---------- EXERCISE MATERIAL

(* Let $n\ge1$, $\delta>0$, $N$ a multiple of $n$, $L=N/n$, $q_n=\frac{n\delta+\sqrt{n^2\delta^2+4n\delta}}2$, $\zeta=(\delta n+4)/(\delta n)$, $\rho=\frac{\sqrt\zeta-1}{\sqrt\zeta+1}$. Let $H\in\mathbb R^{N\times N}$ be the block tridiagonal matrix with $L\times L$ blocks of size $n\times n$, diagonal blocks $(\delta n+2)I_n$ except the last, which is $(q_n+1)I_n$, and blocks $-I_n$ on the first super- and sub-block-diagonals. Then $H$ is invertible and $Y=H^{-1}$ has the block form $Y=(y_{ij}I_n)_{i,j=1}^{L}$ with scalars $y_{ij}$ satisfying $$y_{t,t+\tau}\ge\frac{1-\rho}{\delta n+2}\rho^{\tau}>0\quad\text{for all }1\le t\le t+\tau\le L,\ \tau\ge0.$$ *)

theory Defs
  imports Complex_Main "Jordan_Normal_Form.Matrix"
begin

definition q_n :: "nat \<Rightarrow> real \<Rightarrow> real" where
  "q_n n \<delta> = (real n * \<delta> + sqrt ((real n)^2 * \<delta>^2 + 4 * real n * \<delta>)) / 2"

definition zeta :: "nat \<Rightarrow> real \<Rightarrow> real" where
  "zeta n \<delta> = (\<delta> * real n + 4) / (\<delta> * real n)"

definition rho :: "nat \<Rightarrow> real \<Rightarrow> real" where
  "rho n \<delta> = (sqrt (zeta n \<delta>) - 1) / (sqrt (zeta n \<delta>) + 1)"

text \<open>Block tridiagonal matrix of size N = n*L, with L x L blocks of size n x n
  (0-indexed: entry (a,b) lies in block (a div n, b div n) at position (a mod n, b mod n)).\<close>
definition H_mat :: "nat \<Rightarrow> nat \<Rightarrow> real \<Rightarrow> real mat" where
  "H_mat n L \<delta> = mat (n * L) (n * L) (\<lambda>(a, b).
     (let i = a div n; j = b div n in
      if a mod n \<noteq> b mod n then 0
      else if i = j then (if i = L - 1 then q_n n \<delta> + 1 else \<delta> * real n + 2)
      else if i = j + 1 \<or> j = i + 1 then -1
      else 0))"
(* Let $(X,f)$ be a dynamical system. The following are equivalent: (1) $(X,f)$ is strongly multi-transitive; (2) $(X,f)$ is weakly mixing and multi-transitive; (3) $(X,f)$ is $\mathcal{F}[\infty]$-mixing; (4) $(X,f)$ is $\mathcal{F}_{smt}$-point transitive, where $\mathcal{F}_{smt}=\nabla(\mathcal{F}[\infty]\cap\mathcal{F}_t)$.
   Context: A dynamical system is a pair $(X,f)$ with $X$ a compact metric space and $f:X\to X$ continuous. $\mathbb{N}=\{1,2,\dots\}$, $\mathbb{Z}_+=\{0,1,2,\dots\}$. $N(U,V)=\{n\in\mathbb{N}: U\cap f^{-n}(V)\neq\emptyset\}$, $N(x,U)=\{n\in\mathbb{N}: f^n(x)\in U\}$. $(X,f)$ is transitive if $N(U,V)\neq\emptyset$ for all non-empty open $U,V$; weakly mixing if $(X\times X,f\times f)$ is transitive. For $\mathbf{a}=(a_1,\dots,a_r)\in\mathbb{N}^r$, $(X,f)$ is $\mathbf{a}$-transitive if $(X^r,f^{a_1}\times\dots\times f^{a_r})$ is transitive; multi-transitive if it is $(1,2,\dots,n)$-transitive for every $n\in\mathbb{N}$; strongly multi-transitive if it is $\mathbf{a}$-transitive for every $r\in\mathbb{N}$ and every $\mathbf{a}\in\mathbb{N}^r$. For a family $\mathcal{F}$ of subsets of $\mathbb{N}$: $(X,f)$ is $\mathcal{F}$-transitive if $N(U,V)\in\mathcal{F}$ for all non-empty open $U,V$; $\mathcal{F}$-mixing if $(X\times X,f\times f)$ is $\mathcal{F}$-transitive; $x$ is an $\mathcal{F}$-transitive point if $N(x,U)\in\mathcal{F}$ for every non-empty open $U$, and $(X,f)$ is $\mathcal{F}$-point transitive if such a point exists. For $F\subset\mathbb{N}$, $F-F=\{a-b:a,b\in F,\ a>b\}$ and $\nabla(\mathcal{F})=\{F\subset\mathbb{N}: F-F\in\mathcal{F}\}$. $\mathcal{F}_t$ is the family of thick sets ($F$ such that for every $n$ there is $a$ with $\{a,\dots,a+n\}\subset F$). $\mathcal{F}[\mathbf{a}]$ is the collection of all $F\subset\mathbb{N}$ such that for every $(n_1,\dots,n_r)\in\mathbb{Z}_+^r$ there is $k\in\mathbb{N}$ with $ka_i+n_i\in F$ for all $i$; $\mathcal{F}[\infty]=\bigcap_{i=1}^\infty\mathcal{F}[(1,2,\dots,i)]$. *)

theory Defs
  imports "HOL-Analysis.Analysis"
begin
text \<open>Matrices are Jordan_Normal_Form matrices, indexed from 0. Permutations of
  the player set are functions nat to nat permuting {1..n}, as in the paper.\<close>

definition kron_mat :: "real mat \<Rightarrow> real mat \<Rightarrow> real mat" where
  "kron_mat A B = mat (dim_row A * dim_row B) (dim_col A * dim_col B)
     (\<lambda>(i, j). A $$ (i div dim_row B, j div dim_col B) * B $$ (i mod dim_row B, j mod dim_col B))"

definition khatri_rao :: "real mat \<Rightarrow> real mat \<Rightarrow> real mat" where
  "khatri_rao A B = mat (dim_row A * dim_row B) (dim_col A)
     (\<lambda>(i, j). A $$ (i div dim_row B, j) * B $$ (i mod dim_row B, j))"

definition ones_row :: "nat \<Rightarrow> real mat" where
  "ones_row m = mat 1 m (\<lambda>_. 1)"

text \<open>Iterated Khatri-Rao product A_1 * ... * A_k of matrices with m columns;
  the 1 x m all-ones row is a neutral element, so for k >= 1 this is the usual product.\<close>
fun khatri_rao_list :: "nat \<Rightarrow> real mat list \<Rightarrow> real mat" where
  "khatri_rao_list m [] = ones_row m"
| "khatri_rao_list m (A # As) = khatri_rao A (khatri_rao_list m As)"

text \<open>P_sigma = [delta_n^{sigma(1)}, ..., delta_n^{sigma(n)}]: entry (i,j) (1-based) is 1 iff i = sigma(j).\<close>
definition perm_mat :: "nat \<Rightarrow> (nat \<Rightarrow> nat) \<Rightarrow> real mat" where
  "perm_mat n \<sigma> = mat n n (\<lambda>(i, j). if i + 1 = \<sigma> (j + 1) then 1 else 0)"

definition Phi :: "nat \<Rightarrow> nat \<Rightarrow> nat \<Rightarrow> real mat" where
  "Phi n \<kappa> i = kron_mat (kron_mat (ones_row (\<kappa> ^ (i - 1))) (1\<^sub>m \<kappa>)) (ones_row (\<kappa> ^ (n - i)))"

definition T_mat :: "nat \<Rightarrow> nat \<Rightarrow> (nat \<Rightarrow> nat) \<Rightarrow> real mat" where
  "T_mat n \<kappa> \<sigma> = khatri_rao_list (\<kappa> ^ n) (map (\<lambda>k. Phi n \<kappa> (Hilbert_Choice.inv \<sigma> k)) [1..<n+1])"

definition psi :: "nat \<Rightarrow> nat \<Rightarrow> (nat \<Rightarrow> nat) \<Rightarrow> real mat" where
  "psi n \<kappa> \<sigma> = kron_mat (perm_mat n \<sigma>) (of_int (sign \<sigma>) \<cdot>\<^sub>m T_mat n \<kappa> \<sigma>)"

end

theory Submission
  imports Defs
begin

text \<open>Both Kronecker factors of \<open>\<psi>(\<sigma>)\<close> are matrices of maps on indices:
  \<open>P\<^sub>\<sigma>\<close> is the matrix of \<open>\<sigma>\<close> itself, and \<open>T\<^sub>\<sigma>\<close> turns out to be the matrix of the map
  on \<open>{0..<\<kappa>\<^sup>n}\<close> that permutes the \<open>n\<close> base-\<open>\<kappa>\<close> digits of an index (the strategies of the
  \<open>n\<close> players) according to \<open>\<sigma>\<close>. The matrix of a composite map is the product of the matrices,
  so \<open>\<sigma> \<mapsto> P\<^sub>\<sigma>\<close> and \<open>\<sigma> \<mapsto> T\<^sub>\<sigma>\<close> are homomorphisms; the sign is multiplicative, and the
  mixed-product rule \<open>(A \<otimes> B)(C \<otimes> D) = AC \<otimes> BD\<close> combines the factors.
  Invertibility follows from \<open>\<psi>(id) = I\<close>.\<close>

section \<open>Matrices of maps on indices\<close>

definition fun_mat :: "nat \<Rightarrow> (nat \<Rightarrow> nat) \<Rightarrow> 'a :: semiring_1 mat" where
  "fun_mat N f = mat N N (\<lambda>(i, j). if i = f j then 1 else 0)"

lemma fun_mat_index: "i < N \<Longrightarrow> j < N \<Longrightarrow> fun_mat N f $$ (i, j) = (if i = f j then 1 else 0)"
  by (simp add: fun_mat_def)

lemma fun_mat_cong: "(\<And>j. j < N \<Longrightarrow> f j = g j) \<Longrightarrow> fun_mat N f = fun_mat N g"
  by (rule eq_matI) (auto simp: fun_mat_def)

lemma fun_mat_id: "fun_mat N id = 1\<^sub>m N"
  by (rule eq_matI) (auto simp: fun_mat_def)

lemma fun_mat_mult:
  assumes "\<And>j. j < N \<Longrightarrow> g j < N"
  shows "fun_mat N f * fun_mat N g = (fun_mat N (f \<circ> g) :: 'a :: semiring_1 mat)"
proof (rule eq_matI)
  fix i j assume "i < dim_row (fun_mat N (f \<circ> g) :: 'a mat)" "j < dim_col (fun_mat N (f \<circ> g) :: 'a mat)"
  then have i: "i < N" and j: "j < N" by (auto simp: fun_mat_def)
  have "(fun_mat N f * fun_mat N g) $$ (i, j) = (\<Sum>k<N. fun_mat N f $$ (i, k) * (fun_mat N g $$ (k, j) :: 'a))"
    using i j by (simp add: fun_mat_def index_mult_mat scalar_prod_def lessThan_atLeast0)
  also have "\<dots> = (\<Sum>k<N. fun_mat N f $$ (i, k) * (if k = g j then 1 else 0))"
    using j by (intro sum.cong) (auto simp: fun_mat_index)
  also have "\<dots> = fun_mat N f $$ (i, g j)"
    using assms[OF j] by (simp add: if_distrib[of "\<lambda>x. _ * x"] cong: if_cong)
  also have "\<dots> = fun_mat N (f \<circ> g) $$ (i, j)"
    using i j assms[OF j] by (simp add: fun_mat_index)
  finally show "(fun_mat N f * fun_mat N g) $$ (i, j) = (fun_mat N (f \<circ> g) :: 'a mat) $$ (i, j)" .
qed (simp_all add: fun_mat_def)

lemma perm_mat_eq_fun_mat:
  assumes "\<sigma> permutes {1..n}"
  shows "perm_mat n \<sigma> = fun_mat n (\<lambda>j. \<sigma> (j + 1) - 1)"
proof (rule eq_matI)
  fix i j assume "i < dim_row (fun_mat n (\<lambda>j. \<sigma> (j + 1) - 1) :: real mat)"
    "j < dim_col (fun_mat n (\<lambda>j. \<sigma> (j + 1) - 1) :: real mat)"
  then have "i < n" "j < n" by (auto simp: fun_mat_def)
  moreover have "\<sigma> (j + 1) \<in> {1..n}"
    using permutes_in_image[OF assms] \<open>j < n\<close> by auto
  ultimately show "perm_mat n \<sigma> $$ (i, j) = fun_mat n (\<lambda>j. \<sigma> (j + 1) - 1) $$ (i, j)"
    by (auto simp: perm_mat_def fun_mat_def)
qed (simp_all add: perm_mat_def fun_mat_def)

lemma perm_mat_carrier: "perm_mat n \<sigma> \<in> carrier_mat n n"
  by (simp add: perm_mat_def)

lemma perm_mat_id: "perm_mat n id = 1\<^sub>m n"
  by (rule eq_matI) (auto simp: perm_mat_def)

lemma perm_mat_mult:
  assumes \<mu>: "\<mu> permutes {1..n}" and \<sigma>: "\<sigma> permutes {1..n}"
  shows "perm_mat n (\<mu> \<circ> \<sigma>) = perm_mat n \<mu> * perm_mat n \<sigma>"
proof -
  have \<sigma>_range: "\<sigma> (j + 1) \<in> {1..n}" if "j < n" for j
    using permutes_in_image[OF \<sigma>] that by auto
  have "perm_mat n (\<mu> \<circ> \<sigma>) = fun_mat n ((\<lambda>j. \<mu> (j + 1) - 1) \<circ> (\<lambda>j. \<sigma> (j + 1) - 1))"
    unfolding perm_mat_eq_fun_mat[OF permutes_compose[OF \<sigma> \<mu>]]
    by (rule fun_mat_cong) (use \<sigma>_range in force)
  also have "\<dots> = perm_mat n \<mu> * perm_mat n \<sigma>"
    unfolding perm_mat_eq_fun_mat[OF \<mu>] perm_mat_eq_fun_mat[OF \<sigma>]
    by (rule fun_mat_mult[symmetric]) (use \<sigma>_range in force)
  finally show ?thesis .
qed

section \<open>The Kronecker product\<close>

lemma kron_mat_dims [simp]:
  "dim_row (kron_mat A B) = dim_row A * dim_row B"
  "dim_col (kron_mat A B) = dim_col A * dim_col B"
  by (simp_all add: kron_mat_def)

lemma kron_mat_index:
  "i < dim_row A * dim_row B \<Longrightarrow> j < dim_col A * dim_col B \<Longrightarrow>
    kron_mat A B $$ (i, j) = A $$ (i div dim_row B, j div dim_col B) * B $$ (i mod dim_row B, j mod dim_col B)"
  by (simp add: kron_mat_def)

lemma sum_lessThan_mult_split:
  fixes h :: "nat \<Rightarrow> 'a :: comm_monoid_add"
  shows "(\<Sum>t<b * d. h t) = (\<Sum>p<b. \<Sum>q<d. h (p * d + q))"
proof -
  have "sum h {p * d..<p * d + d} = (\<Sum>q<d. h (p * d + q))" for p
    using sum.shift_bounds_nat_ivl[of h 0 "p * d" d] by (simp add: lessThan_atLeast0 add.commute)
  then show ?thesis
    by (simp add: sum.nat_group[symmetric])
qed

lemma kron_mat_mult:
  assumes A: "A \<in> carrier_mat a b" and B: "B \<in> carrier_mat c d"
    and C: "C \<in> carrier_mat b e" and D: "D \<in> carrier_mat d f"
  shows "kron_mat A B * kron_mat C D = kron_mat (A * C) (B * D)"
proof (rule eq_matI)
  fix i j assume "i < dim_row (kron_mat (A * C) (B * D))" "j < dim_col (kron_mat (A * C) (B * D))"
  then have i: "i < a * c" and j: "j < e * f" using A B C D by auto
  then have "i div c < a" "j div f < e" "i mod c < c" "j mod f < f"
    by (auto simp: less_mult_imp_div_less intro!: mod_less_divisor intro: gr0I)
  have "(kron_mat A B * kron_mat C D) $$ (i, j) =
      (\<Sum>t<b * d. kron_mat A B $$ (i, t) * kron_mat C D $$ (t, j))"
    using i j A B C D by (simp add: index_mult_mat scalar_prod_def lessThan_atLeast0)
  also have "\<dots> = (\<Sum>p<b. \<Sum>q<d. kron_mat A B $$ (i, p * d + q) * kron_mat C D $$ (p * d + q, j))"
    by (rule sum_lessThan_mult_split)
  also have "\<dots> = (\<Sum>p<b. \<Sum>q<d. (A $$ (i div c, p) * C $$ (p, j div f)) * (B $$ (i mod c, q) * D $$ (q, j mod f)))"
  proof (intro sum.cong refl)
    fix p q assume p: "p \<in> {..<b}" and q: "q \<in> {..<d}"
    have "p * d + q < (p + 1) * d" using q by simp
    also have "\<dots> \<le> b * d" using p by (intro mult_right_mono) auto
    finally have "p * d + q < b * d" .
    with i j q A B C D show "kron_mat A B $$ (i, p * d + q) * kron_mat C D $$ (p * d + q, j) =
       (A $$ (i div c, p) * C $$ (p, j div f)) * (B $$ (i mod c, q) * D $$ (q, j mod f))"
      by (simp add: kron_mat_index)
  qed
  also have "\<dots> = (\<Sum>p<b. A $$ (i div c, p) * C $$ (p, j div f)) * (\<Sum>q<d. B $$ (i mod c, q) * D $$ (q, j mod f))"
    by (simp add: sum_product)
  also have "\<dots> = (A * C) $$ (i div c, j div f) * (B * D) $$ (i mod c, j mod f)"
    using \<open>i div c < a\<close> \<open>j div f < e\<close> \<open>i mod c < c\<close> \<open>j mod f < f\<close> A B C D
    by (simp add: index_mult_mat scalar_prod_def lessThan_atLeast0)
  also have "\<dots> = kron_mat (A * C) (B * D) $$ (i, j)"
    using i j A B C D by (simp add: kron_mat_index)
  finally show "(kron_mat A B * kron_mat C D) $$ (i, j) = kron_mat (A * C) (B * D) $$ (i, j)" .
qed (use A B C D in auto)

--------------------

*WHAT THE TASK REQUIRES*. Quote only the lines from the line containing "fix p q assume" through the end of the listing, please, keeping both the first and the last line.

*COMPLETED EXERCISE*.
    fix p q assume p: "p \<in> {..<b}" and q: "q \<in> {..<d}"
    have "p * d + q < (p + 1) * d" using q by simp
    also have "\<dots> \<le> b * d" using p by (intro mult_right_mono) auto
    finally have "p * d + q < b * d" .
    with i j q A B C D show "kron_mat A B $$ (i, p * d + q) * kron_mat C D $$ (p * d + q, j) =
       (A $$ (i div c, p) * C $$ (p, j div f)) * (B $$ (i mod c, q) * D $$ (q, j mod f))"
      by (simp add: kron_mat_index)
  qed
  also have "\<dots> = (\<Sum>p<b. A $$ (i div c, p) * C $$ (p, j div f)) * (\<Sum>q<d. B $$ (i mod c, q) * D $$ (q, j mod f))"
    by (simp add: sum_product)
  also have "\<dots> = (A * C) $$ (i div c, j div f) * (B * D) $$ (i mod c, j mod f)"
    using \<open>i div c < a\<close> \<open>j div f < e\<close> \<open>i mod c < c\<close> \<open>j mod f < f\<close> A B C D
    by (simp add: index_mult_mat scalar_prod_def lessThan_atLeast0)
  also have "\<dots> = kron_mat (A * C) (B * D) $$ (i, j)"
    using i j A B C D by (simp add: kron_mat_index)
  finally show "(kron_mat A B * kron_mat C D) $$ (i, j) = kron_mat (A * C) (B * D) $$ (i, j)" .
qed (use A B C D in auto)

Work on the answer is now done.